Сладкая горечь слез | страница 124



Кто-то положил передо мной раскрытый Коран, велев не сводить глаз с нужной страницы. На запястье мама повязала мне четки, тасбих[114], цвета сухой почвы, вылепленные из глины Кербелы, где пролилась кровь Хусейна и его семьи, — мрачный контраст блестящим золотым браслетам, позвякивавшим в такт движениям моей руки. Все затихли, как только мой мулла и мулла Акрама начали диалог — по-арабски, а значит, непонятно мне, жениху и большинству гостей. Торжественное вступление окончилось, все женщины ринулись с поздравлениями и объятиями ко мне, маме и матери Акрама, восклицая мубарак[115]. Поздно было пугаться — я стала женой. В горе и в радости, как говорят в американских фильмах.

Ликующая родня проводила нас к уже знакомому американскому автомобилю, украшенному, как и я, цветами и всякой блестящей мишурой, за рулем сидел Шариф Мухаммад Чача; дальний родственник, игравший роль брата, которого у меня не было, держал над моей головой Коран в бархатном переплете. В сопровождении подружки невесты, еще одной родственницы, недавно вышедшей замуж, и друга Акрама, его двоюродного брата, нас отвезли в отель «Лакшери Бич», где гости уже собрались на праздничный обед. Здесь, на сцене, мать Акрама повязала мне на руку имам замин[116] — вышитую шелковую повязку с монетками внутри, которые позже следует раздать как милостыню. Вторую ленту повязала моя мама Акраму. Мы обменялись кольцами. Гости поднимались на сцену поздравить, пожелать счастья и сфотографироваться с нами.
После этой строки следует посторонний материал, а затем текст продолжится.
lemma chordal_sb_insert:
  assumes e: "e \<in> G" "signed_simplicial G sg X Y e" and "chordal_sb (G - {e}) sg X Y"
  shows "chordal_sb G sg X Y"
proof -
  obtain es where es: "distinct es" "set es = G - {e}"
    and ordered: "\<forall>i<length es. signed_simplicial (G - {e} - set (take i es)) sg X Y (es ! i)"
    using assms(3) unfolding chordal_sb_def by blast
  have "signed_simplicial (G - set (take i (e # es))) sg X Y ((e # es) ! i)"
    if "i < length (e # es)" for i
  proof (cases i)
    case (Suc j)
    have "G - set (take i (e # es)) = G - {e} - set (take j es)" using Suc by auto
    then show ?thesis using that ordered Suc by simp
  qed (use e in simp)
  then show ?thesis
    using e es unfolding chordal_sb_def by (intro exI[of _ "e # es"]) auto
qed

lemma chordal_sb_nonempty:
  assumes "chordal_sb G sg X Y" "G \<noteq> {}"
  shows "\<exists>e\<in>G. signed_simplicial G sg X Y e \<and> chordal_sb (G - {e}) sg X Y"
proof -
  obtain es where es: "distinct es" "set es = G"
    and ordered: "\<forall>i<length es. signed_simplicial (G - set (take i es)) sg X Y (es ! i)"
    using assms(1) unfolding chordal_sb_def by blast
  then obtain e es' where Cons: "es = e # es'" using assms(2) by (cases es) auto
  have "signed_simplicial (G - {e} - set (take i es')) sg X Y (es' ! i)" if "i < length es'" for i
  proof -
    have "G - set (take (Suc i) es) = G - {e} - set (take i es')" using Cons by auto
    then show ?thesis using ordered[rule_format, of "Suc i"] that Cons by simp
  qed
  then have "chordal_sb (G - {e}) sg X Y"
    using es Cons unfolding chordal_sb_def by (intro exI[of _ es']) auto
  moreover have "e \<in> G" "signed_simplicial G sg X Y e"
    using es ordered[rule_format, of 0] Cons by auto
  ultimately show ?thesis by blast
qed
(* Let $A\subset\mathcal H$ be an affine subspace such that $A\cap\operatorname{conv}(\frac12(d+\mathcal W))$ is a face of $\operatorname{conv}(\frac12(d+\mathcal W))$, and suppose there exists $\bar c\in\mathcal C\cap A$ with $\bar c\notin\operatorname{conv}(\frac12(d+\mathcal W))$. Let $\bar x\in A$. If $\bar x=\frac12(\bar a+\bar a')$ with $\bar a,\bar a'\in\mathcal C$, then $\bar a,\bar a'\in A$.
   Context: Setting: $G$ compact Lie group, $K\subset G$ closed, $G/K$ connected almost effective, isotropy representation $\mathfrak p=\mathfrak p_1\oplus\cdots\oplus\mathfrak p_r$ ($r\ge2$) with pairwise inequivalent $\mathbb R$-irreducible summands, $d_i=\dim\mathfrak p_i$, $d=(d_1,\dots,d_r)$, $n=\sum d_i$. The scalar curvature of the metric $e^{q_i}Q$ on $\mathfrak p_i$ is $S(q)=\sum_{w\in\mathcal W}A_we^{w\cdot q}$, $\mathcal W\subset\mathbb Z^r$ finite, $A_w\ne0$, each $w$ of type I (one entry $-1$), type II (one entry $1$, two entries $-1$) or type III (one entry $1$, one entry $-2$), other entries $0$; $A_w>0$ for type I and $<0$ otherwise. Assume $\dim\operatorname{conv}(\mathcal W)=r-1$. $J$ is the symmetric bilinear form with $J(p,p)=\frac1{n-1}(\sum p_i)^2-\sum p_i^2/d_i$. $u=\sum_{\bar c\in\mathcal C}F_{\bar c}e^{\bar c\cdot q}$ ($\mathcal C$ finite, $F_{\bar c}\ne0$) is a superpotential: for every $\xi$, $\sum_{(\bar a,\bar c)\in\mathcal C^2,\ \bar a+\bar c=\xi}J(\bar a,\bar c)F_{\bar a}F_{\bar c}$ equals $A_w$ if $\xi=d+w$, $w\in\mathcal W$, and $0$ otherwise; $\mathcal C$ is normalised to lie in the hyperplane $\mathcal H=\{\sum\bar x_i=\frac12(n-1)\}$, which contains $\frac12(d+\mathcal W)$. *)

theory Defs
  imports "HOL-Analysis.Analysis"
begin

text \<open>Vectors in R^r are modelled as real^'r for a finite index type 'r (r = CARD('r)).
  The dimensions d_i of the isotropy summands are given by dims :: 'r => nat.\<close>

definition dvec :: "('r::finite \<Rightarrow> nat) \<Rightarrow> real^'r" where
  "dvec dims = (\<chi> i. real (dims i))"

definition ntot :: "('r::finite \<Rightarrow> nat) \<Rightarrow> real" where
  "ntot dims = (\<Sum>i\<in>UNIV. real (dims i))"

definition typeI :: "real^'r::finite \<Rightarrow> bool" where
  "typeI w \<longleftrightarrow> (\<exists>i. w $ i = -1 \<and> (\<forall>k. k \<noteq> i \<longrightarrow> w $ k = 0))"

definition typeII :: "real^'r::finite \<Rightarrow> bool" where
  "typeII w \<longleftrightarrow> (\<exists>i j l. i \<noteq> j \<and> i \<noteq> l \<and> j \<noteq> l \<and>
      w $ i = 1 \<and> w $ j = -1 \<and> w $ l = -1 \<and>
      (\<forall>k. k \<noteq> i \<and> k \<noteq> j \<and> k \<noteq> l \<longrightarrow> w $ k = 0))"

definition typeIII :: "real^'r::finite \<Rightarrow> bool" where
  "typeIII w \<longleftrightarrow> (\<exists>i j. i \<noteq> j \<and> w $ i = 1 \<and> w $ j = -2 \<and>
      (\<forall>k. k \<noteq> i \<and> k \<noteq> j \<longrightarrow> w $ k = 0))"

text \<open>The symmetric bilinear form J (polarisation of the given quadratic form).\<close>
definition Jform :: "('r::finite \<Rightarrow> nat) \<Rightarrow> real^'r \<Rightarrow> real^'r \<Rightarrow> real" where
  "Jform dims p q =
     (\<Sum>i\<in>UNIV. p $ i) * (\<Sum>i\<in>UNIV. q $ i) / (ntot dims - 1)
     - (\<Sum>i\<in>UNIV. p $ i * q $ i / real (dims i))"
lemma less_than_h_common_tame_set:
  fixes f :: "'k \<Rightarrow> nat \<Rightarrow> nat"
  assumes "less_than_h K"
  shows "\<exists>A. infinite A \<and> (\<forall>k\<in>K. A \<in> tame_sets (f k))"
proof -
  have "(card_of ((\<lambda>k. tame_sets (f k)) ` K), card_of K) \<in> ordLeq"
    by (rule card_of_image)
  moreover have "\<forall>D\<in>(\<lambda>k. tame_sets (f k)) ` K. open_dense D"
    using open_dense_tame_sets by blast
  ultimately obtain A where "infinite A" "\<forall>D\<in>(\<lambda>k. tame_sets (f k)) ` K. A \<in> D"
    using assms unfolding less_than_h_def by blast
  then show ?thesis by blast
qed

definition block :: "(nat \<Rightarrow> nat) \<Rightarrow> nat \<Rightarrow> nat set" where
  "block e j = {if j = 0 then 0 else e (2 * j - 1) ..< e (2 * j + 1)}"

lemma finite_block: "finite (block e j)"
  by (simp add: block_def)

lemma block_even_mem: "strict_mono e \<Longrightarrow> e (2 * j) \<in> block e j"
  by (auto simp: block_def strict_mono_less less_imp_le)

lemma disjoint_family_block:
  assumes "strict_mono e"
  shows "disjoint_family (block e)"
proof -
  have "block e i \<inter> block e j = {}" if "i < j" for i j
  proof -
    have "e (2 * i + 1) \<le> e (2 * j - 1)"
      using that assms by (simp add: strict_mono_less_eq)
    then show ?thesis using that by (auto simp: block_def)
  qed
  then show ?thesis
    unfolding disjoint_family_on_def by (metis Int_commute linorder_neqE_nat)
qed

lemma interlaced_in_block:
  assumes e: "strict_mono e"
    and N: "\<forall>a\<in>range e. \<forall>b\<in>range e. N \<le> a \<longrightarrow> a < b \<longrightarrow> g a < b \<and> a \<le> g b"
    and "N < j"
  shows "g (e (2 * j)) \<in> block e j"
proof -
  have "N \<le> e (2 * j - 1)" "N \<le> e (2 * j)"
    using assms(3) strict_mono_imp_increasing[OF e, of "2 * j - 1"]
      strict_mono_imp_increasing[OF e, of "2 * j"] by linarith+
  moreover have "e (2 * j - 1) < e (2 * j)" "e (2 * j) < e (2 * j + 1)"
    using assms(3) e by (simp_all add: strict_mono_less)
  ultimately have "e (2 * j - 1) \<le> g (e (2 * j))" "g (e (2 * j)) < e (2 * j + 1)"
    using N by blast+
  then show ?thesis using assms(3) by (simp add: block_def)
qed

section \<open>The Stone topology and subspaces containing \<omega>\<close>

definition basic_open :: "nat set \<Rightarrow> nat set set set" where
  "basic_open A = {U \<in> betaw. A \<in> U}"

lemma betaw_top_basic_open: "betaw_top = topology_generated_by (range basic_open)"
  unfolding betaw_top_def basic_open_def by (simp add: full_SetCompr_eq)

lemma topspace_betaw_top: "topspace betaw_top = betaw"
  unfolding betaw_top_basic_open
  by (auto simp: basic_open_def betaw_def intro!: ultrafilter_UNIV)

lemma openin_basic_open: "openin betaw_top (basic_open A)"
  unfolding betaw_top_basic_open openin_topology_generated_by_iff
  by (rule generate_topology_on.Basis) simp

lemma basic_open_Int: "basic_open (A \<inter> B) = basic_open A \<inter> basic_open B"
  unfolding basic_open_def betaw_def
  by (auto intro: ultrafilter_Int elim: ultrafilter_mono)
lemma tent_iter_reflect: "x \<in> {0..1} \<Longrightarrow> n \<noteq> 0 \<Longrightarrow> tent_iter n (1 - x) = tent_iter n x"
proof -
  assume "x \<in> {0..1}" "n \<noteq> 0"
  then have "tent (1 - x) = tent x"
    using tent_on_01[of x] tent_on_01[of "1 - x"] by auto
  moreover obtain j where "n = Suc j"
    using \<open>n \<noteq> 0\<close> not0_implies_Suc by blast
  ultimately show ?thesis
    using tent_iter_add[of 1 j] by (simp add: tent_iter_def)
qed

lemma has_integral_reflect_01:
  fixes h :: "real \<Rightarrow> real"
  assumes "(h has_integral I) {0..1}"
  shows "((\<lambda>x. h (1 - x)) has_integral I) {0..1}"
proof -
  have "((\<lambda>x. h (- x)) has_integral I) {-1..-0}"
    using assms has_integral_reflect_real by blast
  from has_integral_affinity'[OF this[unfolded cbox_interval[symmetric]], of 1 "-1"]
  show ?thesis by (simp add: cbox_interval)
qed

lemma has_integral_comp_tent:
  fixes h :: "real \<Rightarrow> real"
  assumes h: "(h has_integral I) {0..1}"
  shows "((\<lambda>x. h (tent x)) has_integral I) {0..1}"
proof -
  have "((\<lambda>x. h (2 * x)) has_integral I / 2) {0..1/2}"
    using has_integral_affinity'[OF h[unfolded cbox_interval[symmetric]], of 2 0]
    by (simp add: cbox_interval)
  then have left: "((\<lambda>x. h (tent x)) has_integral I / 2) {0..1/2}"
    by (rule has_integral_eq[rotated]) (simp add: tent_on_01)
  have "((\<lambda>x. h (1 - x)) has_integral I) {0..1}"
    using has_integral_reflect_01[OF h] .
  from has_integral_affinity'[OF this[unfolded cbox_interval[symmetric]], of 2 "-1"]
  have "((\<lambda>x. h (2 - 2 * x)) has_integral I / 2) {1/2..1}"
    by (simp add: cbox_interval algebra_simps)
  then have right: "((\<lambda>x. h (tent x)) has_integral I / 2) {1/2..1}"
    by (rule has_integral_eq[rotated]) (auto simp: tent_on_01 intro: arg_cong[where f=h])
  show ?thesis
    using has_integral_combine[OF _ _ left right] by simp
qed
definition f_count :: "nat \<Rightarrow> nat \<Rightarrow> nat \<Rightarrow> nat" where
  "f_count k m l = card {G. k_noncrossing_digraph k m G \<and> card (isolated_vertices m G) = l}"

definition S_count :: "nat \<Rightarrow> nat \<Rightarrow> nat \<Rightarrow> nat" where
  "S_count k n l = card {G. k_noncrossing_RNA k n G \<and> card (isolated_vertices n G) = l}"

definition S_total :: "nat \<Rightarrow> nat \<Rightarrow> nat" where
  "S_total k n = card {G. k_noncrossing_RNA k n G}"

end

theory Submission
  imports Defs
begin

text \<open>Inclusion-exclusion over the 1-arcs: S_k(n,l) is the alternating sum, over sets B of
  1-arcs, of the number of k-noncrossing digraphs with l isolated vertices containing B. Only sets B
  of pairwise vertex-disjoint 1-arcs contribute, and there are C(n-b,b) of them with b arcs. For
  k \<ge> 2 no arc of a k-crossing is a 1-arc, so contracting the arcs of such a B (deleting both
  endpoints of each) is a bijection onto the k-noncrossing digraphs on n-2b vertices, preserving
  isolated vertices; hence B contributes (-1)^b f_k(n-2b,l).\<close>

lemma sum_Pow_minus_one_power:
  assumes "finite A"
  shows "(\<Sum>B\<in>Pow A. (-1::int) ^ card B) = (if A = {} then 1 else 0)"
proof (cases "A = {}")
  case False
  then have "card {B. B \<subseteq> A \<and> {} \<subseteq> B \<and> even (card B)} = card {B. B \<subseteq> A \<and> {} \<subseteq> B \<and> odd (card B)}"
    using assms by (intro card_subsupersets_even_odd) auto
  then have "(\<Sum>B\<in>Pow A. (-1::int) ^ card B) = 0"
    using assms by (intro sum_alternating_cancels) simp_all
  with False show ?thesis by simp
qed simp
— Та-ак, улы-ыбочку, — выпевал фотограф, щелкая камерой. Огромная старомодная вспышка ослепила меня сотни раз за этот вечер.

Ближе к концу приема мать Акрама пригласила мою маму присутствовать на церемонии ввода меня в новый дом, но мама отказалась, с трудом сдерживая слезы. Я готова была расплакаться вслед за ней, но подружка невесты вовремя подскочила с платочком. Мама отправилась домой в окружении внезапно образовавшейся толпы любящих родственников, возникших из небытия, едва новость о моей помолвке с сыном Аббаса Али Мубарака разнеслась по городу, — тех самых родственников, которые столь же внезапно исчезли со смертью отца, когда нам так нужна была их помощь.

В саду перед домом Дяди Аббаса была привязана белая козочка, которую Тетушка Саида — отныне я должна была называть ее Мама — велела нам с Акрамом потрогать. Потом козу принесут в жертву, а ее мясо раздадут беднякам; прикосновение к ней избавляло от сглаза. Я почти вступила на порог дома, когда вдруг почувствовала, что взлетаю вверх, на руках мужа.